Pharmacology: Mechanism of Action: Palbociclib is an inhibitor of cyclin-dependent kinases (CDK) 4 and 6. Cyclin D1 and CDK4/6 are downstream of signaling pathways which lead to cellular proliferation. In vitro, palbociclib reduced cellular proliferation of estrogen receptor (ER)-positive breast cancer cell lines by blocking progression of the cell from G1 into S phase of the cell cycle. Treatment of breast cancer cell lines with the combination of palbociclib and antiestrogens leads to decreased retinoblastoma (Rb) protein phosphorylation resulting in reduced E2F expression and signaling and increased growth arrest compared to treatment with each drug alone. In vitro treatment of ER-positive breast cancer cell lines with the combination of palbociclib and antiestrogens led to increased cell senescence compared to each drug alone, which was sustained for up to 6 days following palbociclib removal and was greater if antiestrogen treatment was continued. In vivo studies using a patient-derived ER-positive breast cancer xenograft model demonstrated that the combination of palbociclib and letrozole increased the inhibition of Rb phosphorylation, downstream signaling, and tumor growth compared to each drug alone.
Human bone marrow mononuclear cells treated with palbociclib in the presence or absence of an anti-estrogen in vitro did not become senescent and resumed proliferation following palbociclib withdrawal.
Pharmacodynamics: Cardiac Electrophysiology: The effect of palbociclib on the QT interval corrected for heart rate (QTc) was evaluated using time-matched electrocardiograms (ECGs) evaluating the change from baseline and corresponding pharmacokinetic data in 77 patients with breast cancer. Palbociclib had no large effect on QTc (i.e., >20 ms) at 125 mg once daily for 21 consecutive days followed by 7 days off treatment to comprise a complete cycle of 28 days.

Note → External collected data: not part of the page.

definition tent_deriv :: "real \<Rightarrow> real \<Rightarrow> real" where
  "tent_deriv d t = (if frac t < d then - 1 / d\<^sup>2 else if 1 - d < frac t then 1 / d\<^sup>2 else 0)"

lemma tent_add_of_int: "tent d (t + of_int k) = tent d t"
  unfolding tent_def dist_int_def by simp

lemma tent_deriv_add_of_int: "tent_deriv d (t + of_int k) = tent_deriv d t"
  unfolding tent_deriv_def by simp

lemma tent_nonneg: "0 \<le> tent d t"
  unfolding tent_def by simp

lemma tent_le:
  assumes "0 < d"
  shows "tent d t \<le> 1 / d"
proof -
  have "(d - dist_int t) / d\<^sup>2 \<le> d / d\<^sup>2"
    using dist_int_nonneg[of t] by (simp add: divide_right_mono)
  then show ?thesis
    using assms by (simp add: tent_def power2_eq_square)
qed

lemma tent_lipschitz: "\<bar>tent d x - tent d y\<bar> \<le> \<bar>x - y\<bar> / d\<^sup>2"
proof -
  have "\<bar>tent d x - tent d y\<bar> \<le> \<bar>(d - dist_int x) / d\<^sup>2 - (d - dist_int y) / d\<^sup>2\<bar>"
    unfolding tent_def by (auto split: split_max)
  also have "\<dots> = \<bar>dist_int x - dist_int y\<bar> / d\<^sup>2"
    by (simp add: diff_divide_distrib[symmetric] abs_minus_commute)
  also have "\<dots> \<le> \<bar>x - y\<bar> / d\<^sup>2"
    by (simp add: dist_int_lipschitz divide_right_mono)
  finally show ?thesis .
qed

lemma tent_deriv_bound: "0 < d \<Longrightarrow> \<bar>tent_deriv d t\<bar> \<le> 1 / d\<^sup>2"
  unfolding tent_deriv_def by simp

context
  fixes d :: real
  assumes d: "0 < d" "d < 1/2"
begin

lemma tent_left: "t \<in> {0..d} \<Longrightarrow> tent d t = (d - t) / d\<^sup>2"
  using d by (simp add: tent_def dist_int_def)

lemma tent_middle: "t \<in> {d..1-d} \<Longrightarrow> tent d t = 0"
  using d by (simp add: tent_def dist_int_def divide_nonpos_pos)

lemma tent_right: "t \<in> {1-d..1} \<Longrightarrow> tent d t = (t - 1 + d) / d\<^sup>2"
  using d by (cases "t = 1") (simp_all add: tent_def dist_int_def)

end

lemma has_real_derivative_affine_near:
  fixes f :: "real \<Rightarrow> real"
  assumes "open S" "t \<in> S" "\<And>x. x \<in> S \<Longrightarrow> f x = a * x + b"
  shows "(f has_real_derivative a) (at t)"
proof -
  have "((\<lambda>x. a * x + b) has_real_derivative a) (at t)"
    by (auto intro!: derivative_eq_intros)
  then show ?thesis
    by (rule has_field_derivative_transform_within_open[OF _ assms(1,2)]) (simp add: assms(3))
qed
(* Let $\mathcal{D}$ be a distribution on $\mathbb{S}^{n-1}$, $f(x)=\bigwedge_{i=1}^k\mathrm{sign}(w_i\cdot x)$ with unit vectors $w_i$, $\varepsilon,\rho\in(0,1/2)$, and suppose $\Pr_{\mathbf{x}\sim\mathcal{D}_-}[w_1\cdot\mathbf{x}<-\rho]>0$. Let $\mathcal{K}\subseteq\mathbb{R}^{n+1}$ be a bounded convex body and for $x\in\mathbb{R}^n$ let $\mathcal{K}_x=\mathcal{K}\cap\{w:w\cdot(x,1)<0\}$. Let $\mathcal{D}_-^{(1)}$ denote $\mathcal{D}_-$ conditioned on $w_1\cdot\mathbf{x}<-\rho$. Then \[\Pr_{\mathbf{x}\sim\mathcal{D}_-}[w_1\cdot\mathbf{x}<-\rho]\cdot\mathbb{E}_{\mathbf{x}\sim\mathcal{D}_-^{(1)}}\left[\left|\mathcal{K}_{\mathbf{x}}^{\mathrm{bad}}\right|\right]\le\frac{100n}{\varepsilon^2}\cdot M_+^{-1}\log(M_+)\cdot\left|\mathcal{K}^{\mathrm{bad}}\right|.\]
   Context: $f(x)=1$ iff $w_i\cdot x>0$ for all $i$, else $-1$; $\mathcal{D}_-$ is $\mathcal{D}$ conditioned on $f(\mathbf{x})=-1$; $|\cdot|$ is Lebesgue volume. Set $M_-=\sqrt{n\log(9/\rho)/\log(2k\varepsilon^{-1})}$ and $M_+=\left(200k\cdot\frac{n^2M_-}{\varepsilon^4}\right)^2\cdot2^{\sqrt{n\log(9/\rho)\log(2k\varepsilon^{-1})}}$. For any convex body $\mathcal{K}\subseteq\mathbb{R}^{n+1}$, $\mathcal{K}^{\mathrm{good}}=\{w\in\mathcal{K}:\Pr_{\mathbf{x}\sim\mathcal{D}_-}[w\cdot(\mathbf{x},1)<0]\ge\frac{100n}{\varepsilon^2}\cdot\frac{\log(M_+)}{M_+}\}$ and $\mathcal{K}^{\mathrm{bad}}=\mathcal{K}\setminus\mathcal{K}^{\mathrm{good}}$ (applied to $\mathcal{K}_x$ as well). *)

theory Defs
  imports "HOL-Probability.Probability"
begin

definition halfspace_and :: "nat \<Rightarrow> (nat \<Rightarrow> real^'n) \<Rightarrow> real^'n \<Rightarrow> real" where
  "halfspace_and k w x = (if \<forall>i\<in>{1..k}. w i \<bullet> x > 0 then 1 else -1)"

definition Dminus :: "(real^'n) measure \<Rightarrow> nat \<Rightarrow> (nat \<Rightarrow> real^'n) \<Rightarrow> (real^'n) measure" where
  "Dminus D k w = uniform_measure D {x \<in> space D. halfspace_and k w x = -1}"

definition Mminus :: "nat \<Rightarrow> nat \<Rightarrow> real \<Rightarrow> real \<Rightarrow> real" where
  "Mminus n k eps rho = sqrt (real n * ln (9 / rho) / ln (2 * real k / eps))"

definition Mplus :: "nat \<Rightarrow> nat \<Rightarrow> real \<Rightarrow> real \<Rightarrow> real" where
  "Mplus n k eps rho =
     (200 * real k * (real n ^ 2 * Mminus n k eps rho / eps ^ 4)) ^ 2 *
     2 powr sqrt (real n * ln (9 / rho) * ln (2 * real k / eps))"

definition good_thr :: "nat \<Rightarrow> nat \<Rightarrow> real \<Rightarrow> real \<Rightarrow> real" where
  "good_thr n k eps rho = 100 * real n / eps ^ 2 * (ln (Mplus n k eps rho) / Mplus n k eps rho)"

text \<open>R^{n+1} is represented as (real^'n) \<times> real, so that w . (x,1) = inner w (x,1).\<close>
definition Kgood :: "(real^'n) measure \<Rightarrow> real \<Rightarrow> ((real^'n) \<times> real) set \<Rightarrow> ((real^'n) \<times> real) set" where
  "Kgood Dm t K = {v \<in> K. measure Dm {x \<in> space Dm. v \<bullet> (x, 1) < 0} \<ge> t}"

definition Kbad :: "(real^'n) measure \<Rightarrow> real \<Rightarrow> ((real^'n) \<times> real) set \<Rightarrow> ((real^'n) \<times> real) set" where
  "Kbad Dm t K = K - Kgood Dm t K"

definition Kslice :: "((real^'n) \<times> real) set \<Rightarrow> real^'n \<Rightarrow> ((real^'n) \<times> real) set" where
  "Kslice K x = K \<inter> {v. v \<bullet> (x, 1) < 0}"

end

theory Submission
  imports Defs
begin

text \<open>
  Write \<open>H\<^sub>v = {x. v \<bullet> (x, 1) < 0}\<close>, so that \<open>v \<in> \<K>\<^sub>x\<close> iff \<open>x \<in> H\<^sub>v\<close>; by definition every
  \<open>v \<in> \<K>\<^sup>b\<^sup>a\<^sup>d\<close> has \<open>\<D>\<^sub>-(H\<^sub>v) < t\<close>, where \<open>t\<close> is the threshold. The left-hand side is
  \<open>\<integral>\<^bsub>{w\<^sub>1 \<bullet> x < -\<rho>}\<^esub> |\<K>\<^sup>b\<^sup>a\<^sup>d \<inter> {v. x \<in> H\<^sub>v}| d\<D>\<^sub>-(x)\<close>, and exchanging the order of
  integration (Tonelli) bounds it by \<open>\<integral>\<^bsub>\<K>\<^sup>b\<^sup>a\<^sup>d\<^esub> \<D>\<^sub>-(H\<^sub>v) dv \<le> t |\<K>\<^sup>b\<^sup>a\<^sup>d|\<close>.
\<close>

lemma sets_pair_measure_borel:
  assumes "sets M = sets (borel :: 'a::second_countable_topology measure)"
    and "sets N = sets (borel :: 'b::second_countable_topology measure)"
  shows "sets (M \<Otimes>\<^sub>M N) = sets (borel :: ('a \<times> 'b) measure)"
proof -
  have "sets (M \<Otimes>\<^sub>M N) = sets (borel \<Otimes>\<^sub>M borel :: ('a \<times> 'b) measure)"
    using assms by (intro sets_pair_measure_cong)
  also have "\<dots> = sets borel"
    by (subst borel_prod) (rule refl)
  finally show ?thesis .
qed
(* Let $(\mathbb R^4,g)$ be the pp-wave $g=-(x^2+y^2)\,du^2+2\,du\,dv+dx^2+dy^2$ in coordinates $(u,v,x,y)$, and let $Z:=\tfrac12(H+k^2+h^2)\partial_v-\partial_u+k\partial_x+h\partial_y$ with $H=-x^2-y^2$, $k=-y$, $h=x$ (so $Z=-\partial_u-y\partial_x+x\partial_y$). Then $(\mathbb R^4,g,Z,\nabla u)$ is admissible (with $\nabla u=\partial_v$, $\tau=u$, $\ell=1$, and orientation such that $J=J_{g,Z,\nabla u}$ satisfies $JX=Y$ for $X:=k\partial_v+\partial_x$, $Y:=h\partial_v+\partial_y$), and the induced tensor $g_K=d(e^uZ^\flat)(\cdot,J\cdot)$ is a Kähler metric on all of $\mathbb R^4$.
   Context: Admissibility: an oriented semi-Riemannian $4$-manifold $(M,g)$ with vector fields $k_+,k_-$ (here $k_+=Z$, $k_-=\nabla u$) is admissible if $k_\pm$ are pointwise linearly independent, $\mathcal V:=\mathrm{span}(k_+,k_-)$ has spacelike orthogonal complement $\mathcal H$, and, with $J=J_{g,k_+,k_-}$ defined by $Jk_+=k_-$, $Jk_-=-k_+$, $Je_1=e_2$, $Je_2=-e_1$ for positively oriented orthonormal frames $(e_1,e_2)$ of $\mathcal H$: $[k_\pm,\Gamma(\mathcal H)]\subset\Gamma(\mathcal H)$; $J\circ\nabla^ok_+=\nabla^ok_-$ on $\mathcal H$, where $\nabla^oX$ is the trace-free symmetric part of $\mathcal H\to\mathcal H$, $v\mapsto(\nabla_vX)^{\mathcal H}$; $k_-=\ell\nabla\tau$ for smooth $\ell,\tau$; and $\nabla(g(k_+,k_-))$, $\nabla(g(k_+,k_+))$ take values in $\mathcal V$. $Z^\flat=g(Z,\cdot)$. The induced metric $g_K:=d(f(\tau)k_+^\flat)(\cdot,J\cdot)$ is Kähler where $f\iota<0$ and $f'G/\ell-f\,dk_+^\flat(k_+,k_-)<0$, with $\iota=g(k_+,[e_1,e_2])$ and $G=g(k_+,k_+)g(k_-,k_-)-g(k_+,k_-)^2$. *)

theory Defs
  imports "HOL-Analysis.Analysis"
begin

text \<open>Points of R^4 are vectors of type real^4.  Coordinate convention:
  index 1 = u, index 2 = v, index 3 = x, index 4 = y (in the numeral type 4,
  the numeral 4 denotes the fourth element, equal to 0).
  Tangent vectors at a point are again elements of real^4 (components w.r.t.
  the coordinate frame).\<close>

type_synonym pt = "real^4"

definition cu :: "pt \<Rightarrow> real" where "cu p = p $ 1"
definition cv :: "pt \<Rightarrow> real" where "cv p = p $ 2"
definition cx :: "pt \<Rightarrow> real" where "cx p = p $ 3"
definition cy :: "pt \<Rightarrow> real" where "cy p = p $ 4"

definition du :: pt where "du = axis 1 1"
definition dv :: pt where "dv = axis 2 1"
definition dx :: pt where "dx = axis 3 1"
definition dy :: pt where "dy = axis 4 1"

definition pd :: "(pt \<Rightarrow> real) \<Rightarrow> pt \<Rightarrow> 4 \<Rightarrow> real" where
  "pd f p i = deriv (\<lambda>t. f (p + t *\<^sub>R axis i 1)) 0"
lemma Htil_eqI:
  assumes "orthonormal_columns U" "0 < k" "\<chi> \<in> Htil k U" "\<chi>' \<in> Htil k U"
    and "\<And>\<phi>. \<phi> \<in> Htil k U \<Longrightarrow> ipT k \<phi> \<chi> = ipT k \<phi> \<chi>'"
  shows "\<chi> = \<chi>'"
proof -
  obtain a \<eta> where \<chi>: "\<chi> = (a, Pprime k U True \<eta>)" "a \<in> Hsp k"
    using assms(3) unfolding Htil_def by auto
  obtain b \<eta>' where \<chi>': "\<chi>' = (b, Pprime k U True \<eta>')" "b \<in> Hsp k"
    using assms(4) unfolding Htil_def by auto
  have zero: "(\<lambda>_. 0) \<in> Hsp k" unfolding Hsp_def by simp
  have "a = b"
  proof (rule Hsp_eqI)
    fix \<phi> assume "\<phi> \<in> Hsp k"
    then have "(\<phi>, Pprime k U True (\<lambda>_. 0)) \<in> Htil k U" using zero unfolding Htil_def by blast
    then show "ip k \<phi> a = ip k \<phi> b"
      using assms(5) \<chi> \<chi>' by (force simp: ipT_def Pprime_zero[OF assms(2)] ip_zero_left)
  qed (use \<chi> \<chi>' in auto)
  moreover have "Pprime k U True \<eta> = Pprime k U True \<eta>'"
  proof (rule Hsp_eqI)
    fix \<phi> assume "\<phi> \<in> Hsp k"
    then have "((\<lambda>_. 0), Pprime k U True \<phi>) \<in> Htil k U" using zero unfolding Htil_def by blast
    then show "ip k \<phi> (Pprime k U True \<eta>) = ip k \<phi> (Pprime k U True \<eta>')"
      using assms(5) \<chi> \<chi>'
      by (force simp: ipT_def ip_zero_left ip_Pprime[OF assms(2)] Pprime_idem[OF assms(2,1)])
  qed (simp_all add: Pprime_in_Hsp assms(2))
  ultimately show ?thesis using \<chi> \<chi>' by simp
qed

lemma adjT_Util:
  assumes "orthonormal_columns U" "2 \<le> k"
  shows "adjT k U (Util k U \<theta>) \<xi> = Util_adj k U \<theta> \<xi>"
  unfolding adjT_def
proof (rule the_equality)
  show "Util_adj k U \<theta> \<xi> \<in> Htil k U \<and> (\<forall>\<phi>\<in>Htil k U. ipT k (Util k U \<theta> \<phi>) \<xi> = ipT k \<phi> (Util_adj k U \<theta> \<xi>))"
    using Util_adj_in_Htil ipT_Util[OF assms(2)] by blast
  fix \<chi> assume \<chi>: "\<chi> \<in> Htil k U \<and> (\<forall>\<phi>\<in>Htil k U. ipT k (Util k U \<theta> \<phi>) \<xi> = ipT k \<phi> \<chi>)"
  have "0 < k" using assms(2) by simp
  from Htil_eqI[OF assms(1) this] show "\<chi> = Util_adj k U \<theta> \<xi>"
    using \<chi> by (auto simp: Util_adj_in_Htil ipT_Util[OF assms(2)])
qed

lemma cnj_exp_i_mult_exp_i: "cnj (exp (\<i> * complex_of_real \<theta>)) * exp (\<i> * complex_of_real \<theta>) = 1"
  using complex_norm_square[of "exp (\<i> * complex_of_real \<theta>)"] by (simp add: mult.commute)

lemma Util_adj_Ptil_Util:
  assumes "orthonormal_columns U" "n + length x + 2 \<le> k" "\<psi> \<in> Htil k U"
  shows "Util_adj k U \<theta> (Ptil k U n x (Util k U \<theta> \<psi>)) = Ptil k U (Suc n) x \<psi>"
proof -
  have k2: "2 \<le> k" and k: "0 < k" using assms(2) by auto
  obtain \<phi>0 \<phi>1 where \<psi>: "\<psi> = (\<phi>0, \<phi>1)" and \<phi>0: "\<phi>0 \<in> Hsp k"
    using assms(3) unfolding Htil_def by auto
  let ?e = "exp (\<i> * complex_of_real \<theta>)"
  let ?Q = "preimg_proj n x" and ?Q' = "preimg_proj (Suc n) x"
  let ?P' = "Pprime k U True"
  have Q'\<phi>0: "?Q' \<phi>0 \<in> Hsp k" using \<phi>0 by (rule preimg_proj_in_Hsp)
  have Q_V0: "?Q (\<lambda>z. swap_last2 k (Ubar k U (?P' \<phi>1)) z + Ubar k U (cyl_proj [False] \<phi>0) z)
      = (\<lambda>z. swap_last2 k (Ubar k U (?P' (?Q' \<phi>1))) z + Ubar k U (cyl_proj [False] (?Q' \<phi>0)) z)"
    using assms(2) by (simp add: preimg_proj_add preimg_proj_swap_last2 preimg_proj_Ubar
        preimg_proj_Pprime preimg_proj_cyl_proj)
  have Q_V1: "?Q (\<lambda>z. ?e * Ubar k U (cyl_proj [True] \<phi>0) z) = (\<lambda>z. ?e * Ubar k U (cyl_proj [True] (?Q' \<phi>0)) z)"
    using assms(2) by (simp add: preimg_proj_scale preimg_proj_Ubar preimg_proj_cyl_proj)
  have fst0: "cyl_proj [False] (Ubar_adj k U (?Q (\<lambda>z. swap_last2 k (Ubar k U (?P' \<phi>1)) z
      + Ubar k U (cyl_proj [False] \<phi>0) z))) = cyl_proj [False] (?Q' \<phi>0)"
    unfolding Q_V0 Ubar_adj_add cyl_proj_add cyl_proj_Ubar_adj_swap_Ubar_Pprime[OF assms(1) k2]
      Ubar_adj_Ubar[OF assms(1) k cyl_proj_in_Hsp[OF Q'\<phi>0]]
    by (simp add: cyl_proj_idem)
  have fst1: "cyl_proj [True] (Ubar_adj k U (?P' (?Q (\<lambda>z. ?e * Ubar k U (cyl_proj [True] \<phi>0) z))))
      = (\<lambda>z. ?e * cyl_proj [True] (?Q' \<phi>0) z)"
    unfolding Q_V1 Pprime_scale[OF k] Pprime_Ubar[OF k assms(1) cyl_proj_in_Hsp[OF Q'\<phi>0]] Ubar_adj_scale
      Ubar_adj_Ubar[OF assms(1) k cyl_proj_in_Hsp[OF cyl_proj_in_Hsp[OF Q'\<phi>0]]] cyl_proj_scale
    by (simp add: cyl_proj_idem)
  have snd: "?P' (Ubar_adj k U (swap_last2 k (?Q (\<lambda>z. swap_last2 k (Ubar k U (?P' \<phi>1)) z
      + Ubar k U (cyl_proj [False] \<phi>0) z)))) = ?P' (?Q' \<phi>1)"
    unfolding Q_V0 swap_last2_add swap_last2_swap_last2[OF k2 Ubar_in_Hsp] Ubar_adj_add
      Ubar_adj_Ubar[OF assms(1) k Pprime_in_Hsp[OF k]] Pprime_add[OF k] Pprime_idem[OF k assms(1)]
      Pprime_Ubar_adj_swap_Ubar_cyl_proj[OF assms(1) k2]
    by simp
  have "(\<lambda>z. cyl_proj [False] (?Q' \<phi>0) z + cnj ?e * (?e * cyl_proj [True] (?Q' \<phi>0) z)) = ?Q' \<phi>0"
  proof
    fix z show "cyl_proj [False] (?Q' \<phi>0) z + cnj ?e * (?e * cyl_proj [True] (?Q' \<phi>0) z) = ?Q' \<phi>0 z"
      using cnj_exp_i_mult_exp_i[of \<theta>] unfolding mult.assoc[symmetric]
      by (cases z) (auto simp: cyl_proj_def preimg_proj_apply)
  qed
  then show ?thesis
    using fst0 fst1 snd by (simp add: \<psi> Util_def Ptil_def Util_adj_def)
qed

theorem corollary2:
  fixes k :: nat and U :: "bool \<Rightarrow> bool \<Rightarrow> complex" and \<theta> :: real
    and x :: "bool list" and n :: nat
  assumes "k \<ge> 3"
    and "\<forall>i j. cmod (U i j) = 1 / sqrt 2"
    and "\<forall>i l. (\<Sum>j\<in>UNIV. cnj (U j i) * U j l) = (if i = l then 1 else 0)"
    and "n + length x < k - 1"
  shows "\<forall>\<psi>\<in>Htil k U. adjT k U (Util k U \<theta>) (Ptil k U n x (Util k U \<theta> \<psi>)) = Ptil k U (Suc n) x \<psi>"
\<comment> \<open>Neither \<open>k \<ge> 3\<close> nor the modulus condition on the entries of \<open>U\<close> is needed.\<close>
proof
  fix \<psi> assume \<psi>: "\<psi> \<in> Htil k U"
  have U: "orthonormal_columns U"
    using assms(3) by (simp add: orthonormal_columns_def UNIV_bool add.commute)
  have nx: "n + length x + 2 \<le> k" using assms(4) by simp
  then have "2 \<le> k" by simp
  then show "adjT k U (Util k U \<theta>) (Ptil k U n x (Util k U \<theta> \<psi>)) = Ptil k U (Suc n) x \<psi>"
    using adjT_Util[OF U] Util_adj_Ptil_Util[OF U nx \<psi>] by simp
qed

end
lemma eval2_add: "eval2 (p + q) x y = eval2 p x y + eval2 q x y"
proof -
  have "map_poly (\<lambda>q. poly (map_poly (of_int :: int \<Rightarrow> complex) q) y) (p + q) =
        map_poly (\<lambda>q. poly (map_poly of_int q) y) p + map_poly (\<lambda>q. poly (map_poly of_int q) y) q"
    by (rule poly_eqI) (simp add: coeff_map_poly map_poly_of_int_add)
  then show ?thesis unfolding eval2_def by simp
qed

lemma DERIV_eval2:
  assumes "(X has_field_derivative X') (at t)" "(Y has_field_derivative Y') (at t)"
  shows "((\<lambda>t. eval2 p (X t) (Y t)) has_field_derivative
     eval2 (dX p) (X t) (Y t) * X' + eval2 (dY p) (X t) (Y t) * Y') (at t)"
proof (induction p rule: pCons_induct)
  case (pCons a p)
  have "((\<lambda>t. poly (map_poly of_int a) (Y t)) has_field_derivative
      poly (pderiv (map_poly of_int a)) (Y t) * Y') (at t)"
    using DERIV_chain2[OF poly_DERIV assms(2)] by simp
  from DERIV_add[OF this DERIV_mult[OF assms(1) pCons.IH]]
  have "((\<lambda>t. poly (map_poly of_int a) (Y t) + X t * eval2 p (X t) (Y t)) has_field_derivative
     poly (pderiv (map_poly of_int a)) (Y t) * Y' + (X' * eval2 p (X t) (Y t) +
       (eval2 (dX p) (X t) (Y t) * X' + eval2 (dY p) (X t) (Y t) * Y') * X t)) (at t)"
    by simp
  moreover have "dX (pCons a p) = p + pCons 0 (dX p)"
    unfolding dX_def by (simp add: pderiv_pCons)
  moreover have "dY (pCons a p) = pCons (pderiv a) (dY p)"
    unfolding dY_def by (subst map_poly_pCons) auto
  ultimately show ?case
    by (simp add: eval2_pCons eval2_add map_poly_of_int_pderiv algebra_simps)
qed (simp add: dX_def dY_def)
lemma has_integral_Ioc_monotone_limit:
  fixes g :: "real \<Rightarrow> real" and c :: "nat \<Rightarrow> real"
  assumes c: "\<And>k. a < c k" "\<And>k. c k \<le> b" "\<And>k. c (Suc k) \<le> c k" and lim_c: "c \<longlonglongrightarrow> a"
    and nonneg: "\<And>s. a < s \<Longrightarrow> s \<le> b \<Longrightarrow> 0 \<le> g s"
    and int: "\<And>k. (g has_integral I k) {c k..b}" and lim_I: "I \<longlonglongrightarrow> L"
  shows "(g has_integral L) {a<..b}"
proof -
  define h where "h k s = (if s \<in> {c k..} then g s else 0)" for k s
  have Ioc_Int: "{c k..} \<inter> {a<..b} = {c k..b}" for k
    using c(1)[of k] by auto
  have h_int: "h k integrable_on {a<..b}" for k
    unfolding h_def integrable_restrict_Int Ioc_Int using int by blast
  have integral_h: "integral {a<..b} (h k) = I k" for k
    unfolding h_def integral_restrict_Int Ioc_Int using int by blast
  have "g integrable_on {a<..b} \<and> (\<lambda>k. integral {a<..b} (h k)) \<longlonglongrightarrow> integral {a<..b} g"
  proof (rule monotone_convergence_increasing[OF h_int])
    show "h k s \<le> h (Suc k) s" if "s \<in> {a<..b}" for k s
      using c(3)[of k] nonneg[of s] that by (auto simp: h_def)
    show "(\<lambda>k. h k s) \<longlonglongrightarrow> g s" if "s \<in> {a<..b}" for s
    proof (rule tendsto_eventually)
      have "\<forall>\<^sub>F k in sequentially. c k < s"
        using order_tendstoD(2)[OF lim_c, of s] that by simp
      then show "\<forall>\<^sub>F k in sequentially. h k s = g s"
        by eventually_elim (simp add: h_def)
    qed
    show "bounded (range (\<lambda>k. integral {a<..b} (h k)))"
      unfolding integral_h using lim_I by (rule convergent_imp_bounded)
  qed
  then show ?thesis
    using lim_I LIMSEQ_unique has_integral_integral unfolding integral_h by metis
qed

lemma has_integral_left_endpoint_nonneg:
  fixes g F :: "real \<Rightarrow> real"
  assumes "a \<le> b" and nonneg: "\<And>s. a < s \<Longrightarrow> s \<le> b \<Longrightarrow> 0 \<le> g s"
    and int: "\<And>c. a < c \<Longrightarrow> c \<le> b \<Longrightarrow> (g has_integral F b - F c) {c..b}"
    and cont: "continuous_on {a..b} F"
  shows "(g has_integral F b - F a) {a..b}"
proof (cases "a = b")
  case False
  define c where "c k = a + (b - a) * inverse (real (Suc k))" for k
  have c: "a < c k" "c k \<le> b" "c (Suc k) \<le> c k" for k
    using \<open>a \<le> b\<close> False by (auto simp: c_def field_simps intro: mult_right_mono)
  have "c \<longlonglongrightarrow> a + (b - a) * 0"
    unfolding c_def by (intro tendsto_intros LIMSEQ_inverse_real_of_nat)
  then have lim_c: "c \<longlonglongrightarrow> a"
    by simp
  have "(\<lambda>k. F (c k)) \<longlonglongrightarrow> F a"
    using c \<open>a \<le> b\<close> by (intro continuous_on_tendsto_compose[OF cont lim_c] always_eventually)
      (auto intro: less_imp_le)
  then have "(\<lambda>k. F b - F (c k)) \<longlonglongrightarrow> F b - F a"
    by (intro tendsto_intros)
  with c lim_c nonneg int have "(g has_integral F b - F a) {a<..b}"
    by (intro has_integral_Ioc_monotone_limit[of a c b]) auto
  then show ?thesis
    by (rule has_integral_spike_set_eq[THEN iffD1, rotated 2])
      (rule negligible_subset[of "{a}"]; auto)+
qed (simp add: has_integral_refl)

section \<open>The left derivative of a concave function\<close>

text \<open>For \<open>f\<close> concave on \<open>[0, \<infinity>)\<close> the difference quotients over \<open>[t, s]\<close> decrease as \<open>t\<close> increases
  to \<open>s\<close>, so the infimum is the left derivative at \<open>s > 0\<close>; the value \<open>0\<close> for \<open>s \<le> 0\<close> is junk.\<close>
definition left_deriv :: "(real \<Rightarrow> real) \<Rightarrow> real \<Rightarrow> real" where
  "left_deriv f s = (if 0 < s then (INF t\<in>{0<..<s}. (f s - f t) / (s - t)) else 0)"

lemma left_deriv_le_slope:
  fixes f :: "real \<Rightarrow> real"
  assumes conc: "concave_on {0..} f" and "0 < a" "a < b"
  shows "left_deriv f b \<le> (f b - f a) / (b - a)"
proof -
  have "bdd_below ((\<lambda>t. (f b - f t) / (b - t)) ` {0<..<b})"
  proof (rule bdd_belowI2)
    fix t :: real assume "t \<in> {0<..<b}"
    then show "(f (b + 1) - f b) / (b + 1 - b) \<le> (f b - f t) / (b - t)"
      by (intro concave_on_slope_antimono[OF conc]) auto
  qed
  then show ?thesis
    using assms by (auto simp: left_deriv_def intro!: cINF_lower)
qed

lemma slope_le_left_deriv:
  fixes f :: "real \<Rightarrow> real"
  assumes conc: "concave_on {0..} f" and "0 < a" "a < b"
  shows "(f b - f a) / (b - a) \<le> left_deriv f a"
  unfolding left_deriv_def
  using assms by (auto intro!: cINF_greatest concave_on_slope_antimono[OF conc])

lemma left_deriv_antimono:
  fixes f :: "real \<Rightarrow> real"
  assumes "concave_on {0..} f" "0 < a" "a \<le> b"
  shows "left_deriv f b \<le> left_deriv f a"
  using left_deriv_le_slope[OF assms(1), of a b] slope_le_left_deriv[OF assms(1), of a b] assms
  by (cases "a = b") auto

Clinical Studies: Study 1: IBRANCE plus Letrozole: Patients with ER-positive, HER2-negative advanced or metastatic breast cancer for initial endocrine based therapy: Study 1 (PALOMA-2) was an international, randomized, double-blind, parallel-group, multicenter study of IBRANCE plus letrozole versus placebo plus letrozole conducted in postmenopausal women with ER-positive, HER2-negative advanced breast cancer who had not received previous systemic treatment for their advanced disease. A total of 666 patients were randomized 2:1 to IBRANCE plus letrozole or placebo plus letrozole. Randomization was stratified by disease site (visceral versus non-visceral), disease-free interval (de novo metastatic versus ≤12 months from the end of adjuvant treatment to disease recurrence versus >12 months from the end of adjuvant treatment to disease recurrence), and nature of prior (neo)adjuvant anticancer therapies (prior hormonal therapies versus no prior hormonal therapy). IBRANCE was given orally at a dose of 125 mg daily for 21 consecutive days followed by 7 days off treatment. Patients received study treatment until objective disease progression, symptomatic deterioration, unacceptable toxicity, death, or withdrawal of consent, whichever occurred first. The major efficacy outcome of the study was investigator-assessed progression-free survival (PFS) evaluated according to Response Evaluation Criteria in Solid Tumors Version 1.1 (RECIST).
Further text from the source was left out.